Gaussian Belief Propagation for Continuous-Time SLAM
Contributors
Authors: Sergi Sánchez Orvay
Supervisors: Xinyi Li, William Talbot, Dr. David Hug, Dr. Cornelius von Einem, Prof. Dr. Margarita Chli
Abstract
Continuous-Time SLAM (CTSLAM) has emerged as a compelling alternative to conventional discrete-time approaches, representing the robot trajectory as a smooth function over time rather than a sequence of fixed-interval poses. This continuous formulation naturally fuses asynchronous, multi-rate sensors without explicit interpolation or aggregation, preserves full measurement fidelity, and yields more consistent estimates. However, CTSLAM often incurs higher computational cost.

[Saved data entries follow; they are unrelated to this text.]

lemma rounding_relative_error:
  assumes rd: "is_rounding rd" and m: "m \<ge> 1"
  shows "\<bar>rd m y - y\<bar> \<le> 4 * 2 powr (- real m) * \<bar>y\<bar>"
proof -
  have nearest: "\<And>z. is_float m z \<Longrightarrow> \<bar>rd m y - y\<bar> \<le> \<bar>z - y\<bar>"
    using rd m unfolding is_rounding_def by blast
  consider "y = 0" | "y > 0" | "y < 0" by linarith
  thus ?thesis
  proof cases
    case 1
    thus ?thesis using nearest[OF is_float_zero] by simp
  next
    case 2
    thus ?thesis using float_near_pos[OF 2 m] nearest by fastforce
  next
    case 3
    then obtain z where z: "is_float m z" "\<bar>z - (- y)\<bar> \<le> 4 * 2 powr (- real m) * (- y)"
      using float_near_pos[of "- y" m] m by auto
    have "\<bar>rd m y - y\<bar> \<le> \<bar>(- z) - y\<bar>" using nearest[OF is_float_uminus[OF z(1)]] .
    thus ?thesis using z 3 by simp
  qed
qed

lemma continuous_derivative_Lipschitz:
  fixes f df :: "real \<Rightarrow> real"
  assumes deriv: "\<forall>y\<in>{a..b}. (f has_real_derivative df y) (at y within {a..b})"
    and df_cont: "continuous_on {a..b} df"
  obtains G where "G \<ge> 0" "\<forall>y\<in>{a..b}. \<bar>df y\<bar> \<le> G"
    "\<forall>u\<in>{a..b}. \<forall>v\<in>{a..b}. \<bar>f u - f v\<bar> \<le> G * \<bar>u - v\<bar>"
proof -
  have "bounded (df ` {a..b})"
    by (intro compact_imp_bounded compact_continuous_image df_cont) simp
  then obtain G0 where G0: "\<forall>y\<in>{a..b}. \<bar>df y\<bar> \<le> G0" unfolding bounded_real by blast
  define G where "G = max 0 G0"
  have df_bound: "\<forall>y\<in>{a..b}. \<bar>df y\<bar> \<le> G" using G0 unfolding G_def by force
  have "\<bar>f u - f v\<bar> \<le> G * \<bar>u - v\<bar>" if "u \<in> {a..b}" "v \<in> {a..b}" for u v
    using field_differentiable_bound[where f' = df and S = "{a..b}" and B = G]
      deriv df_bound that by auto
  thus ?thesis using that[of G] df_bound unfolding G_def by auto
qed

lemma abs_le_Lsup:
  assumes "\<forall>z\<in>D. \<bar>df z\<bar> \<le> G" and "y \<in> D" and "e \<ge> 0"
  shows "\<bar>df y\<bar> \<le> Lsup df D y e"
  unfolding Lsup_def
proof (rule cSup_upper)
  show "\<bar>df y\<bar> \<in> (\<lambda>y. \<bar>df y\<bar>) ` ({y - e..y + e} \<inter> D)" using assms by auto
  show "bdd_above ((\<lambda>y. \<bar>df y\<bar>) ` ({y - e..y + e} \<inter> D))"
    using assms(1) by (auto intro!: bdd_aboveI[of _ G])
qed

lemma Lb_range:
  assumes df_bound: "\<forall>y\<in>{a..b}. \<bar>df y\<bar> \<le> G"
    and Lb: "\<forall>y\<in>{a..b}. \<forall>e\<ge>0. Lsup df {a..b} y e \<le> Lb y e \<and>
                 Lb y e \<le> min Lmax (Lsup df {a..b} y e + K * e)"
    and Lmax: "Lmax \<le> \<Lambda>"
  shows "\<forall>y\<in>{a..b}. \<forall>e\<ge>0. 0 \<le> Lb y e \<and> Lb y e \<le> \<Lambda>"
proof (intro ballI allI impI conjI)
  fix y e :: real assume y: "y \<in> {a..b}" and e: "e \<ge> 0"
  show "0 \<le> Lb y e" using abs_le_Lsup[OF df_bound y e] Lb y e
    by (meson abs_ge_zero order_trans)
  show "Lb y e \<le> \<Lambda>" using Lb y e Lmax by force
qed

section \<open>Error propagation in the computed sequence\<close>

text \<open>The error budget \<delta> * M * (n+1) * \<Lambda>^n is stable under one step of the recursion.\<close>

lemma budget_step:
  fixes c \<Lambda> :: real
  assumes "0 \<le> c" "1 \<le> \<Lambda>"
  shows "\<Lambda> * (c * (real n + 1) * \<Lambda> ^ n) + c \<le> c * (real (Suc n) + 1) * \<Lambda> ^ Suc n"
proof -
  have "c * 1 \<le> c * \<Lambda> ^ Suc n" using assms by (intro mult_left_mono one_le_power) auto
  thus ?thesis by (simp add: algebra_simps)
qed

locale error_analysis =
  fixes a b \<Lambda> M :: real and f :: "real \<Rightarrow> real" and Lb :: "real \<Rightarrow> real \<Rightarrow> real"
    and rd :: "nat \<Rightarrow> real \<Rightarrow> real" and m :: nat and x :: real
  assumes Lipschitz: "\<forall>u\<in>{a..b}. \<forall>v\<in>{a..b}. \<bar>f u - f v\<bar> \<le> \<Lambda> * \<bar>u - v\<bar>"
    and Lambda_ge_1: "1 \<le> \<Lambda>"
    and Lb_bounded: "\<forall>y\<in>{a..b}. \<forall>e\<ge>0. 0 \<le> Lb y e \<and> Lb y e \<le> \<Lambda>"
    and maps: "\<forall>y\<in>{a..b}. f y \<in> {a..b}"
    and M_bound: "\<forall>y\<in>{a..b}. \<bar>y\<bar> \<le> M"
    and rounding: "\<forall>y. \<bar>rd m y - y\<bar> \<le> 4 * 2 powr (- real m) * \<bar>y\<bar>"
    and start: "x \<in> {a..b}"
    and computed_in: "\<forall>n. fst (comp_seq f Lb rd m x n) \<in> {a..b}"
begin

abbreviation xh :: "nat \<Rightarrow> real" where "xh n \<equiv> fst (comp_seq f Lb rd m x n)"
abbreviation eb :: "nat \<Rightarrow> real" where "eb n \<equiv> snd (comp_seq f Lb rd m x n)"
abbreviation \<delta> :: real where "\<delta> \<equiv> 4 * 2 powr (- real m)"

lemma orbit_in: "(f ^^ n) x \<in> {a..b}"
  by (induction n) (use maps start in auto)

lemma M_nonneg: "0 \<le> M"
  using M_bound start by force

lemma one_step:
  assumes e_nonneg: "0 \<le> eb n"
  shows "0 \<le> eb (Suc n)"
    and "eb (Suc n) \<le> \<Lambda> * eb n + \<delta> * M"
    and "\<bar>xh (Suc n) - (f ^^ Suc n) x\<bar> \<le> \<Lambda> * \<bar>xh n - (f ^^ n) x\<bar> + \<delta> * M"
proof -
  have step: "comp_seq f Lb rd m x (Suc n)
      = (rd m (f (xh n)), Lb (xh n) (eb n) * eb n + 2 powr (- real m) * \<bar>rd m (f (xh n))\<bar>)"
    by (simp add: Let_def)
  have xh_in: "xh n \<in> {a..b}" using computed_in by blast
  have next_in: "rd m (f (xh n)) \<in> {a..b}" using computed_in[rule_format, of "Suc n"] step by simp
  have Lb_n: "0 \<le> Lb (xh n) (eb n)" "Lb (xh n) (eb n) \<le> \<Lambda>" using Lb_bounded xh_in e_nonneg by auto
  have rounded_small: "2 powr (- real m) * \<bar>rd m (f (xh n))\<bar> \<le> \<delta> * M"
    using mult_left_mono[OF M_bound[rule_format, OF next_in], of "2 powr (- real m)"] M_nonneg
    by simp
  have eb_next: "eb (Suc n) = Lb (xh n) (eb n) * eb n + 2 powr (- real m) * \<bar>rd m (f (xh n))\<bar>"
    using step by simp
  show "0 \<le> eb (Suc n)" using eb_next Lb_n e_nonneg by simp
  have "Lb (xh n) (eb n) * eb n \<le> \<Lambda> * eb n" using Lb_n e_nonneg by (intro mult_right_mono)
  thus "eb (Suc n) \<le> \<Lambda> * eb n + \<delta> * M" using eb_next rounded_small by linarith
  have "\<bar>rd m (f (xh n)) - f (xh n)\<bar> \<le> \<delta> * \<bar>f (xh n)\<bar>" using rounding by blast
  also have "\<dots> \<le> \<delta> * M" using M_bound maps xh_in by (intro mult_left_mono) auto
  finally have rounding_part: "\<bar>rd m (f (xh n)) - f (xh n)\<bar> \<le> \<delta> * M" .
  have "\<bar>f (xh n) - f ((f ^^ n) x)\<bar> \<le> \<Lambda> * \<bar>xh n - (f ^^ n) x\<bar>"
    using Lipschitz xh_in orbit_in by blast
  thus "\<bar>xh (Suc n) - (f ^^ Suc n) x\<bar> \<le> \<Lambda> * \<bar>xh n - (f ^^ n) x\<bar> + \<delta> * M"
    using step rounding_part by simp
qed

lemma error_bound:
  shows "0 \<le> eb n \<and> eb n \<le> \<delta> * M * (real n + 1) * \<Lambda> ^ n \<and>
         \<bar>xh n - (f ^^ n) x\<bar> \<le> \<delta> * M * (real n + 1) * \<Lambda> ^ n"
proof (induction n)
  case 0
  have "\<bar>rd m x\<bar> \<le> M" "\<bar>x\<bar> \<le> M"
    using M_bound computed_in[rule_format, of 0] start by auto
  moreover have "\<bar>rd m x - x\<bar> \<le> \<delta> * \<bar>x\<bar>" using rounding by blast
  ultimately show ?case
    by (auto intro: order.trans mult_left_mono mult_left_mono[of _ _ "2 powr (- real m)"])
next
  case (Suc n)
  define B where "B = \<delta> * M * (real n + 1) * \<Lambda> ^ n"
  have dM: "0 \<le> \<delta> * M" using M_nonneg by simp
  have grow: "\<Lambda> * B + \<delta> * M \<le> \<delta> * M * (real (Suc n) + 1) * \<Lambda> ^ Suc n"
    unfolding B_def using budget_step[OF dM Lambda_ge_1] by (simp add: mult.assoc)
  have IH: "0 \<le> eb n" "eb n \<le> B" "\<bar>xh n - (f ^^ n) x\<bar> \<le> B"
    using Suc.IH unfolding B_def by auto
  have "\<Lambda> * eb n \<le> \<Lambda> * B" "\<Lambda> * \<bar>xh n - (f ^^ n) x\<bar> \<le> \<Lambda> * B"
    using IH Lambda_ge_1 by (auto intro: mult_left_mono)
  thus ?case using one_step[OF IH(1)] grow by linarith
qed

text \<open>Indeed the budget B then satisfies B \<le> c (\<mu> - B) \<le> c |x^_n|.\<close>

lemma admissible_if_precise:
  assumes m: "m \<ge> 1"
    and mu: "\<forall>n\<le>N. \<mu> \<le> \<bar>(f ^^ n) x\<bar>"
    and c: "c = 10 powr (- real_of_int p) / (1 + 10 powr (- real_of_int p))"
    and precise: "4 * M * (1 + c) / c * (real N + 1) * \<Lambda> ^ N \<le> 2 powr real m * \<mu>"
  shows "admissible f Lb rd x N p m"
  unfolding admissible_def c[symmetric]
proof (intro conjI m allI impI)
  fix n assume n: "n \<le> N"
  define B where "B = \<delta> * M * (real N + 1) * \<Lambda> ^ N"
  have c_pos: "0 < c" unfolding c by (simp add: add_pos_pos)
  have "(real n + 1) * \<Lambda> ^ n \<le> (real N + 1) * \<Lambda> ^ N"
    using n Lambda_ge_1 by (intro mult_mono power_increasing) auto
  hence "\<delta> * M * ((real n + 1) * \<Lambda> ^ n) \<le> B"
    unfolding B_def using M_nonneg by (simp add: mult_left_mono mult.assoc)
  hence e_le: "eb n \<le> B" and d_le: "\<bar>xh n - (f ^^ n) x\<bar> \<le> B"
    using error_bound[of n] by (simp_all add: mult.assoc)
  have "(1 + c) * B = 2 powr (- real m) * c * (4 * M * (1 + c) / c * (real N + 1) * \<Lambda> ^ N)"
    unfolding B_def using c_pos by (simp add: field_simps)
  also have "\<dots> \<le> 2 powr (- real m) * c * (2 powr real m * \<mu>)"
    using precise c_pos by (intro mult_left_mono) auto
  also have "\<dots> = c * \<mu>" by (simp add: powr_minus field_simps)
  finally have "B \<le> c * (\<mu> - B)" by (simp add: algebra_simps)
  also have "\<dots> \<le> c * \<bar>xh n\<bar>"
    using mu n d_le c_pos by (intro mult_left_mono) auto
  finally show "eb n \<le> c * \<bar>xh n\<bar>" using e_le by linarith
qed

end

section \<open>Asymptotics of the chosen precision\<close>

lemma le_two_powr_ceiling_log:
  fixes A :: real
  assumes "A > 0"
  shows "A \<le> 2 powr real (nat \<lceil>log 2 A\<rceil> + 1)"
proof -
  have "A = 2 powr (log 2 A)" using assms by simp
  also have "\<dots> \<le> 2 powr real (nat \<lceil>log 2 A\<rceil> + 1)" by (intro powr_mono) linarith+
  finally show ?thesis .
qed

lemma ceiling_log_growth:
  fixes A :: "nat \<Rightarrow> real"
  assumes lim: "(\<lambda>N. log 2 (A N) / real N) \<longlonglongrightarrow> L" and L: "L \<ge> 0" and \<epsilon>: "\<epsilon> > 0"
  shows "eventually (\<lambda>N. real (nat \<lceil>log 2 (A N)\<rceil> + 1) \<le> (L + \<epsilon>) * real N) sequentially"
proof -
  have "eventually (\<lambda>N. log 2 (A N) / real N < L + \<epsilon> / 2) sequentially"
    using order_tendstoD(2)[OF lim] \<epsilon> by simp
  moreover have "eventually (\<lambda>N. 4 / real N < \<epsilon>) sequentially"
    using order_tendstoD(2)[OF lim_const_over_n \<epsilon>] .
  ultimately show ?thesis using eventually_gt_at_top[of 0]
  proof eventually_elim
    case (elim N)
    hence N: "real N > 0" by simp
    have "real (nat \<lceil>log 2 (A N)\<rceil> + 1) \<le> max 0 (log 2 (A N)) + 2" by linarith
    also have "\<dots> \<le> (L + \<epsilon> / 2) * real N + 2"
      using elim N L \<epsilon> by (simp add: pos_divide_less_eq less_imp_le)
    also have "\<dots> \<le> (L + \<epsilon>) * real N"
    proof -
      have "2 \<le> \<epsilon> / 2 * real N" using elim N by (simp add: pos_divide_less_eq mult.commute)
      thus ?thesis by (simp add: algebra_simps)
    qed
    finally show ?case .
  qed
qed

Gaussian Belief Propagation (GBP) offers a distributed inference framework on factor graphs, in which variables and measurements exchange Gaussian messages to perform local, incremental updates. Unlike centralized Non-Linear Least Squares (NLLS) solvers (e.g. Ceres), GBP can exploit parallelism, detect converged nodes, and avoid repeated global relinearization, making it well suited for real-time, large-scale, or collaborative SLAM applications.
Hyperion—the first open-source continuous-time GBP solver—demonstrated significant speedups over existing spline implementations, yet exhibited numerical instabilities in visual SLAM scenarios. These failures hinder its deployment as a reliable system. In this work, the root causes of divergence are systematically analysed and introduce different regularization strategies within an online CTSLAM pipeline: diagonal relaxation of precision matrices, Levenberg–Marquardt damping in node updates, message damping, and tail-fixing of spline control points. These techniques are evaluated in both a controlled simple problem and a realistic indoor sequence under varying noise, and outlier conditions. Regularized Hyperion is further benchmarked against a Ceres-based solver in full history and sliding window modes.
Results show that the combined regularization scheme yields stable convergence, high accuracy, and robustness to outliers, while Hyperion consistently outperforms Ceres in runtime—demonstrating its potential as a deployable continuous-time SLAM solution.